I Romani consideravano il coacervo di tribù semi-nomadi ed i popoli dell’Europa centro-settentrionale, appartenenti alla stessa famiglia linguistica di matrice indoeuropea, come un unico gruppo culturale al quale diedero un nome comune: Germani, distinguendoli nettamente dalle popolazioni celtiche della Gallia.

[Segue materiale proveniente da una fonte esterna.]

(* Fix integers $a,b\ge 2$, $\varepsilon>0$, and a family $\mathcal{T}$ of $a$-element multisets with elements in $[b]$. Let $n\to\infty$ and let $m=m(n)$ satisfy $m/n\to\infty$. For each $n$, let $C_M$ be a coloring $[n]\to[b]$ maximizing $p^C(\mathcal{T})$. Then all hypergraphs $H\in\mathcal{H}(a,n,m)$, except for $o\!\left(\binom{\binom{n}{a}}{m}\right)$ of them, satisfy $q(H)\le p^{C_M}(\mathcal{T})\,m\,(1+\varepsilon)$.
   Context: $\mathcal{H}(a,n,m)$ is the family of all $a$-uniform hypergraphs on vertex set $[n]$ with exactly $m$ hyperedges; $|\mathcal{H}(a,n,m)|=\binom{\binom{n}{a}}{m}$. A coloring $C:[n]\to[b]$ is an arbitrary map. For a coloring $C$, $n_j^C$ is the number of vertices of color $j$; the color multiset of a hyperedge $e$ is the multiset of colors $C(v)$, $v\in e$, with multiplicity. For an $a$-element multiset $T$, $I_T(j)$ is the multiplicity of $j$ in $T$ and $p^C(T)=\prod_{j=1}^b\binom{n_j^C}{I_T(j)}\big/\binom{n}{a}$; and $p^C(\mathcal{T})=\sum_{T\in\mathcal{T}}p^C(T)$. For $H\in\mathcal{H}(a,n,m)$, $q(H)$ is the maximum, over all colorings $C:[n]\to[b]$, of the number of hyperedges of $H$ whose color multiset with respect to $C$ belongs to $\mathcal{T}$ (equivalently, the largest number of hyperedges in a subhypergraph of $H$ admitting a $b$-coloring in which every hyperedge's color multiset lies in $\mathcal{T}$). *)

theory Defs
  imports Complex_Main "HOL-Library.Multiset" "HOL-Library.Landau_Symbols"
begin

definition hypergraphs :: "nat \<Rightarrow> nat \<Rightarrow> nat \<Rightarrow> nat set set set" where
  "hypergraphs a n m = {H. H \<subseteq> {e. e \<subseteq> {1..n} \<and> card e = a} \<and> card H = m}"

text \<open>Colorings [n] -> [b] (values outside [n] are irrelevant).\<close>
definition colorings :: "nat \<Rightarrow> nat \<Rightarrow> (nat \<Rightarrow> nat) set" where
  "colorings n b = {C. \<forall>v\<in>{1..n}. C v \<in> {1..b}}"

definition color_mset :: "(nat \<Rightarrow> nat) \<Rightarrow> nat set \<Rightarrow> nat multiset" where
  "color_mset C e = image_mset C (mset_set e)"

definition class_size :: "nat \<Rightarrow> (nat \<Rightarrow> nat) \<Rightarrow> nat \<Rightarrow> nat" where
  "class_size n C j = card {v\<in>{1..n}. C v = j}"

definition pT :: "nat \<Rightarrow> nat \<Rightarrow> nat \<Rightarrow> (nat \<Rightarrow> nat) \<Rightarrow> nat multiset \<Rightarrow> real" where
  "pT a b n C T = (\<Prod>j=1..b. real (class_size n C j choose count T j)) / real (n choose a)"

definition pFam :: "nat \<Rightarrow> nat \<Rightarrow> nat \<Rightarrow> (nat \<Rightarrow> nat) \<Rightarrow> nat multiset set \<Rightarrow> real" where
  "pFam a b n C \<T> = (\<Sum>T\<in>\<T>. pT a b n C T)"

La presenza dei Germani è attestata a partire dalla tarda Età del Ferro quando costituirono numerosi gruppi culturali, spostandosi dalle loro sedi originarie nella Scandinavia meridionale e lungo le rive del Mare del Nord. Intorno alla metà del I secolo a.C. il greco Posidonio, diplomatico rodiese ed esploratore, attribuisce alle popolazioni germaniche dell’Europa continentale natura ed origini comuni, alla base di un grande agglomerato etnico suddiviso in gruppi autonomi tra di loro. Successivamente, Cesare (I secolo a.C.), Plinio il Vecchio e Tacito (seconda metà del I secolo d.C.) e quindi Claudio Tolomeo (II sec. d.C.) aggiungono informazioni preziose sulla ripartizione geografica dei gruppi che compongono il mondo germanico e sui loro costumi.
In riferimento alle testimonianze di questi autori, la storiografia moderna ha suddiviso i diversi popoli germanici in tre gruppi principali, distribuiti lungo una linea che dalla catena montuosa dei Sudeti sale verso il fiume Oder fino a raggiungere la penisola danese e le coste meridionali della Scandinavia:
 i Germani del Nord (Germani settentrionali), insediati nella Scandinavia e nello Jutland;
 i Germani dell’Est (Germani orientali), presenti oltre il fiume Elba fino alla Vistola.
 i Germani dell’Ovest (Germani occidentali), che occupano le terre tra i fiumi Reno, Weser e l’Elba.
Questa classificazione tradizionale non è stata pienamente rispecchiata dagli studi archeologici e linguistici, mettendo in evidenza una serie di aree culturali molto più complesse e differenziate nella collocazione geografica, pur mantenendo una sostanziale identità etnica con un complesso di credenze comuni e tradizioni orali.
Fin dal tempo delle spedizioni di Giulio Cesare, la separazione tra Germani occidentali ed orientali, faceva sì che ad essere conosciuti da Roma fossero soprattutto i popoli raggruppati tra le foci dell’Elba ed il Mare del Nord, oltre che lungo le rive del Reno.
Si trattava di un insieme di tribù relativamente mobili. Secondo l’opinione di Cesare, le migrazioni facevano parte del modo stesso di vita dei barbari, incapaci di assicurarsi diversamente la sussistenza, ma lo stesso generale e console romano riconosce che i motivi di questi movimenti erano più complessi e che tra di essi ricorreva spesso la necessità di sfuggire alla pressione di nemici esterni.
Fu dalle foreste dell’Europa settentrionale e dagli inospitali territori del Nord che queste popolazioni tribali, spinte dalla pressione derivante dal sovrappopolamento, a fronte di risorse scarse e limitate, iniziarono le loro peregrinazioni verso le più miti e fertili terre del sud, scontrandosi con i popoli celti delle Gallie, fino a raggiungere le aree sotto la sfera di influenza di Roma, venendo presto a cozzare con quest’ultima già nel II secolo a.C.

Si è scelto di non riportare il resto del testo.